Dataset entries
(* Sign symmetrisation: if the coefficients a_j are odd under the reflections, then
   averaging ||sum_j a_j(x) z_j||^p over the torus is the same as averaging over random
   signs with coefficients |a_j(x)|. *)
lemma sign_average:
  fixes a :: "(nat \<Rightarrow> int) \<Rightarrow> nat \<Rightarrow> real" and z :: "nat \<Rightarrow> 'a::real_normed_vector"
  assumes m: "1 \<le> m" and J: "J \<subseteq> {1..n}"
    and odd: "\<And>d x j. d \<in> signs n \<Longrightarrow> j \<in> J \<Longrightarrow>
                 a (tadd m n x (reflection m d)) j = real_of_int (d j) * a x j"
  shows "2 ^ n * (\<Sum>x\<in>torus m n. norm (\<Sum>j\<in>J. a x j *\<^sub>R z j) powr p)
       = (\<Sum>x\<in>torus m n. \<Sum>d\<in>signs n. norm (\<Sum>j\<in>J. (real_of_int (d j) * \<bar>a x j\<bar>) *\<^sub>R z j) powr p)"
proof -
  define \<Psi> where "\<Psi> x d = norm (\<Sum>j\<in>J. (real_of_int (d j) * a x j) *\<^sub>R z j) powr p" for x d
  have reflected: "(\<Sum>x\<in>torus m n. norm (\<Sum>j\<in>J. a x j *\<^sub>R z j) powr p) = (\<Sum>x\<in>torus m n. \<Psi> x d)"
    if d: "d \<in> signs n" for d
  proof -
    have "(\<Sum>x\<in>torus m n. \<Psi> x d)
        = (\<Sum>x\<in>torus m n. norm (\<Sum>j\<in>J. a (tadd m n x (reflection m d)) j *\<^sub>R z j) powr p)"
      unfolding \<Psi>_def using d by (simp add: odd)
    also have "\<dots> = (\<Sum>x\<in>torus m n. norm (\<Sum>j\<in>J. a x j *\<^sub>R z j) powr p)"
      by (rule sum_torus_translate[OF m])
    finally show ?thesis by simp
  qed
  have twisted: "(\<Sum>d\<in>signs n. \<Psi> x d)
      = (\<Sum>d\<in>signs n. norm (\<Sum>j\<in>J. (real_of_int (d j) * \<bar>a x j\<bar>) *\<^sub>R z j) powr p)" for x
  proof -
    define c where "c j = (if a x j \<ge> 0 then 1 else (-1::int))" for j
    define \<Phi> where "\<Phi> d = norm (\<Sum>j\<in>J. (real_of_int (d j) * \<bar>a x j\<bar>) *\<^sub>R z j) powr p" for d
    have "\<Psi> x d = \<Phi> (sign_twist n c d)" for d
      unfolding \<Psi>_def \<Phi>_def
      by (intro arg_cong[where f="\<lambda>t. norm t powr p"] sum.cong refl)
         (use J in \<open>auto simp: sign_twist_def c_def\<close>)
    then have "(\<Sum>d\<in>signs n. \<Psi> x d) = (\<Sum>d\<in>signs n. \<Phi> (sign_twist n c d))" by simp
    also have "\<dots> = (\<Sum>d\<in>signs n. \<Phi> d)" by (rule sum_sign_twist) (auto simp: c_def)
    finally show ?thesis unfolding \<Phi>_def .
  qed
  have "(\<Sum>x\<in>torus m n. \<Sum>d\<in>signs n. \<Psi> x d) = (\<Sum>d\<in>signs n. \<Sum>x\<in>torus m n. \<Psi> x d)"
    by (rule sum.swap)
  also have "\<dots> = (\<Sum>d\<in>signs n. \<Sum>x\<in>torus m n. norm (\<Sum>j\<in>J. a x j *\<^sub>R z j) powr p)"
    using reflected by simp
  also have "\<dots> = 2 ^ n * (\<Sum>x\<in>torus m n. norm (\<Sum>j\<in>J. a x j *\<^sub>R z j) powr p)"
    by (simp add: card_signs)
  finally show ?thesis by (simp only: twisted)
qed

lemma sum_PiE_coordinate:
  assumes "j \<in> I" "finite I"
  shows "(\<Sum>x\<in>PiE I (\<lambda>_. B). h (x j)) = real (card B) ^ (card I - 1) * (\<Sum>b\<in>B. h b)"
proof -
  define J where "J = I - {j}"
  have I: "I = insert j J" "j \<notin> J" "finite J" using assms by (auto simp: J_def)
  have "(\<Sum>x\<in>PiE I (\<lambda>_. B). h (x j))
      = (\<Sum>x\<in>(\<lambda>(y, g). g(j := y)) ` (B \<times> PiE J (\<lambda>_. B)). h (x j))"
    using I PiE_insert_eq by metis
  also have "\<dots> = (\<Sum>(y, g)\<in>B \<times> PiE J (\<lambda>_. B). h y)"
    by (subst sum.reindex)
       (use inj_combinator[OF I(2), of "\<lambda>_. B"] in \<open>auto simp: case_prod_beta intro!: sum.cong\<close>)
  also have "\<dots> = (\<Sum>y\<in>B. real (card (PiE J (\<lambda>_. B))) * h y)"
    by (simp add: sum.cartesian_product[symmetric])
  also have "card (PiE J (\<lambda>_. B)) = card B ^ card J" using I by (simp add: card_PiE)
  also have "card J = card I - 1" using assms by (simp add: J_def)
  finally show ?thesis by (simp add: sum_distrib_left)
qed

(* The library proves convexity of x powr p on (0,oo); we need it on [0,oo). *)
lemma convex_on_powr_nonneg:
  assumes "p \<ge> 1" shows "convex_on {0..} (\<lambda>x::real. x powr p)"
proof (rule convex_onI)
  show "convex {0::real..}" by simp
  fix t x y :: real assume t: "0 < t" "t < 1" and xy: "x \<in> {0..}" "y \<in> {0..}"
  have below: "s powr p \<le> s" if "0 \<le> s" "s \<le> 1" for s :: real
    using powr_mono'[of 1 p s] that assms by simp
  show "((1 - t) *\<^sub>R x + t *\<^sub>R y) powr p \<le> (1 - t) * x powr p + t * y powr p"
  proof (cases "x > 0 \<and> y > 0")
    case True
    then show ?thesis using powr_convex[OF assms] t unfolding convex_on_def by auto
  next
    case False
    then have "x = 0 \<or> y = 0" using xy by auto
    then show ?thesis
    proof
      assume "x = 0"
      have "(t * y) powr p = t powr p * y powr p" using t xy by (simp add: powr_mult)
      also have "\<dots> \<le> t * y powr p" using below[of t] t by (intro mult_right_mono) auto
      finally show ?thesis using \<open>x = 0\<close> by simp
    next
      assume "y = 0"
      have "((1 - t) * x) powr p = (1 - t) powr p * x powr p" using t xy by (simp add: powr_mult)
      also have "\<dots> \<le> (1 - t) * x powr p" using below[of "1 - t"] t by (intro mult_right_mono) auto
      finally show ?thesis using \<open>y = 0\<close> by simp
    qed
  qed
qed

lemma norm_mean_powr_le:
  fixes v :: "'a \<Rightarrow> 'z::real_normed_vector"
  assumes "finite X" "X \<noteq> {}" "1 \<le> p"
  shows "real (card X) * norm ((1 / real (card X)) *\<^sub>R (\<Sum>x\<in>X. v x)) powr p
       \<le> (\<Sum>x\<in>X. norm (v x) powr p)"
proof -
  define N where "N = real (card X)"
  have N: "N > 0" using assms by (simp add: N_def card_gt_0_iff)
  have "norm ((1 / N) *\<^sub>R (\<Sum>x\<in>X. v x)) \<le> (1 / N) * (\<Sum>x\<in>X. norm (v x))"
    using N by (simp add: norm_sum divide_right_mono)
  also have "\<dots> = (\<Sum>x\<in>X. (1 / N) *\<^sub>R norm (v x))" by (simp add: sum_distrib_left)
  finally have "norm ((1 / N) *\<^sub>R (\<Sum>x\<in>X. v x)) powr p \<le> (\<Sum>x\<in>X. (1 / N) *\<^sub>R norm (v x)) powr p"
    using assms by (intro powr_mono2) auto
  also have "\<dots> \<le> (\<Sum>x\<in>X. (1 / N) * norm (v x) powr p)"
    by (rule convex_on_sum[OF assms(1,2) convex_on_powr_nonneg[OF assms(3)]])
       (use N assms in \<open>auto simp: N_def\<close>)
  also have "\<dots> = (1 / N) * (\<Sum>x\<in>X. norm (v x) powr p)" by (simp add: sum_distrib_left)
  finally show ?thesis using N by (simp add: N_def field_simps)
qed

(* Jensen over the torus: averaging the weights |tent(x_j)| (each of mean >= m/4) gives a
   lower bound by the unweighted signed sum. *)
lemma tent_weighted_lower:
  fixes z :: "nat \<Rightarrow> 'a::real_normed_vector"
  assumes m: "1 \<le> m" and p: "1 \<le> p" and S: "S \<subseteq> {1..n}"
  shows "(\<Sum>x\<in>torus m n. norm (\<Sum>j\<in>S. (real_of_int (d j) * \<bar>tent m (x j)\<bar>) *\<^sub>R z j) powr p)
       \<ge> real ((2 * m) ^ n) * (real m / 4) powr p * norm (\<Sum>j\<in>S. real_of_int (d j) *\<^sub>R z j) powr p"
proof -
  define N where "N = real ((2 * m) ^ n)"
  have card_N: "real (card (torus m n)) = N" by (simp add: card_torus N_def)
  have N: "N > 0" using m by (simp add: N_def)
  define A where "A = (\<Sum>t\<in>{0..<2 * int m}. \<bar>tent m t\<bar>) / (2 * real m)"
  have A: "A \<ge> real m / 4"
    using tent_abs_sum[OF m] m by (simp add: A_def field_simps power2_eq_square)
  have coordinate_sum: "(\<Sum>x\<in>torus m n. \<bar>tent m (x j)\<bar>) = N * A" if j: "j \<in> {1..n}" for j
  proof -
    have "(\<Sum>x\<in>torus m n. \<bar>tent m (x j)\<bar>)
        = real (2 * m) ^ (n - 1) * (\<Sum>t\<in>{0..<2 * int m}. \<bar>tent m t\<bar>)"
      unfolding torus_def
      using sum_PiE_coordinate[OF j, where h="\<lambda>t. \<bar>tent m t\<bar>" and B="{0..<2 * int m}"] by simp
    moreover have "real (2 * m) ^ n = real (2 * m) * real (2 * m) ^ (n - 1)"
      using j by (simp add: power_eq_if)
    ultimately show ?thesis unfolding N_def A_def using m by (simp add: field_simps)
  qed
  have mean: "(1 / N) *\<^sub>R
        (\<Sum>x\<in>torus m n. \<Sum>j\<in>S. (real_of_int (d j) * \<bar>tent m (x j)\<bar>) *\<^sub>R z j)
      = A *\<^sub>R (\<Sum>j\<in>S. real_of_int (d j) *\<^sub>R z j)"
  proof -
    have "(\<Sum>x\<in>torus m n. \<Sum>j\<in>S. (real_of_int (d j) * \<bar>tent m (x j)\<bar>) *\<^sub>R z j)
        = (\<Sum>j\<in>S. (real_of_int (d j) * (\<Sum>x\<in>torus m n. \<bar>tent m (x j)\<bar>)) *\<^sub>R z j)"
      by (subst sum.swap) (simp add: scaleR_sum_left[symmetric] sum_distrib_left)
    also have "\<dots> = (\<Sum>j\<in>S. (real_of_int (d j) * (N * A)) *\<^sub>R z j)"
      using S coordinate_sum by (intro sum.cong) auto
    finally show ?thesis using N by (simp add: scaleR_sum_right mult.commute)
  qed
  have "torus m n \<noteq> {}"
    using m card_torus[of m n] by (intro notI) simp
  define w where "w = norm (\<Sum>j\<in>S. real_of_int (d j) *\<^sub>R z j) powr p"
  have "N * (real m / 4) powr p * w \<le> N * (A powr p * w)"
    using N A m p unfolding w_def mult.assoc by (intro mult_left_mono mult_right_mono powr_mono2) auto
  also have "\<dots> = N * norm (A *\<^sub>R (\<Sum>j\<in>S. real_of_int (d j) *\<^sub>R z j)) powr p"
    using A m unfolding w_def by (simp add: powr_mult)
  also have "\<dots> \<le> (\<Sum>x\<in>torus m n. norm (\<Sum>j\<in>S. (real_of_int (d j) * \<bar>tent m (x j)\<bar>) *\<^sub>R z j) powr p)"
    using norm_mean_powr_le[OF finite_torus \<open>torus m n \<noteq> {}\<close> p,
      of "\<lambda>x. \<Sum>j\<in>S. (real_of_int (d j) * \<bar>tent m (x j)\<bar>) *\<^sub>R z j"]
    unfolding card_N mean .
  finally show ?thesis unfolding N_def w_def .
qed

▶ **PROBLEM**
Within the lines above, find those holding the word "swap" and copy them.

▶ **YOUR RESPONSE**
    by (rule sum.swap)
      by (subst sum.swap) (simp add: scaleR_sum_left[symmetric] sum_distrib_left)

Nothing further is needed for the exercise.